I have been studying HBV replication in 1991. HBV replicates by “reverse transcription”, where an RNA copy of the viral genome is made and then copied back into DNA, which in turn supports production of new RNA. Almost all of my work has been with the HBV polymerase protein. The polymerase is the only enzyme (a protein that causes chemical reactions happen) that HBV makes. It can do two things—make new viral DNA, and destroy the viral RNA after it has been copied into RNA so that DNA synthesis can finish. Stopping either of those functions stops viral replication. That was done a long time ago for the DNA synthesis activity, resulting in the dominant drugs against HBV such as Entecavir and Tenofovir. Most of my lab’s current focus is on the activity that destroys the viral RNA, called the “RNase H”.
We are conducting two projects with the RNase H: Basic science to understand how it works, and drug discovery to develop inhibitors that may eventually become drugs to treat people. We are also trying to understand how the shape of the full polymerase protein affects its functions. The basic science and drug discovery efforts are mutually supportive, with the more we learn in one project helping us to move faster on the other.

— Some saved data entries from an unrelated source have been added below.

definition lists_preimages :: "'a \<Rightarrow> (nat \<Rightarrow> 'a) \<Rightarrow> bool" where
  "lists_preimages w \<gamma> \<longleftrightarrow> (\<forall>z. f z - w = a * (\<Prod>i<d. z - \<gamma> i))"

lemma lists_preimagesI:
  assumes "\<phi> - [:w:] = smult a (\<Prod>i<d. [:-\<gamma> i, 1:])"
  shows "lists_preimages w \<gamma>"
  unfolding lists_preimages_def
proof
  fix z
  have "poly (\<phi> - [:w:]) z = a * (\<Prod>i<d. z - \<gamma> i)"
    unfolding assms by (simp add: poly_prod)
  then show "f z - w = a * (\<Prod>i<d. z - \<gamma> i)"
    by simp
qed

lemma exists_lists_preimages: "\<exists>\<gamma>. lists_preimages w \<gamma>"
proof -
  have dp: "degree (\<phi> - [:w:]) = d"
    using two_le_d by (intro degree_phi_diff) simp
  then have "lead_coeff (\<phi> - [:w:]) = a"
    using degree_phi two_le_d by (simp add: coeff_eq_0)
  then show ?thesis
    using alg_closed_poly_splits[OF alg_closed, of "\<phi> - [:w:]"] dp lists_preimagesI by metis
qed

lemma lists_preimages_image:
  assumes "lists_preimages w \<gamma>" and "i < d"
  shows "f (\<gamma> i) = w"
proof -
  have "(\<Prod>j<d. \<gamma> i - \<gamma> j) = 0"
    using \<open>i < d\<close> by (intro prod_zero) auto
  then show ?thesis
    using assms(1) unfolding lists_preimages_def by (metis mult_zero_right right_minus_eq)
qed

The basic science studies with the RNase H involve making the enzyme by itself (a “recombinant enzyme”) so we can purify it and figure out how it works. This is really, hard, and it took me 19 years of trying before I finally made active RNase H. We still only get usable enzyme only about 10% of the times we try to make it. Despite this, we’ve learned the types of DNAs or RNAs it can work on, that the enzyme can both cut at the end and in the middle of an RNA strand, what conditions (pH, salt, etc.) it likes to use, and how some inhibitors we discovered inhibit the RNaseH.
Our drug discovery efforts against the RNase H have yielded >300 compounds that can block HBV replication. The best of them are in 3 different chemical families, and their activity is better than the approved HBV drug Lamivudine. We are currently working with chemists around the world to make the inhibitors even better and to convert the inhibitors into drugs. This is because the current compounds are not safe enough to use in people, and we have to build “drug like properties” into them. Other highlights of this project are that we found that HBV’s high variability (ie, genotypes etc) is unlikely to cause problems for RNase H drugs, that RNase H drugs and nucleoside analogs (ie, Lamivudine, and by extension Entecavir, Tenofovir…) are “synergistic”, meaning that using them together makes both of them work better than they do by themselves (similar to 1 +1 = 3), and that they can inhibit HBV replication in a mouse model.
Finally, we are really excited about our recent identification of the overall 3-dimensional structure of the HBV polymerase protein. People have been trying for > 30 years to figure out its shape because the shape can tell you a lot about how it works. The structure is at Predicted structure of the hepatitis B virus polymerase reveals an ancient conserved protein fold | bioRxiv. This structure is not as good as some types of protein structures, but we have demonstrated that the overall shape is right and that it can be used to help advance drug discovery. We are already starting new basic science and drug discovery projects using the structure to guide us.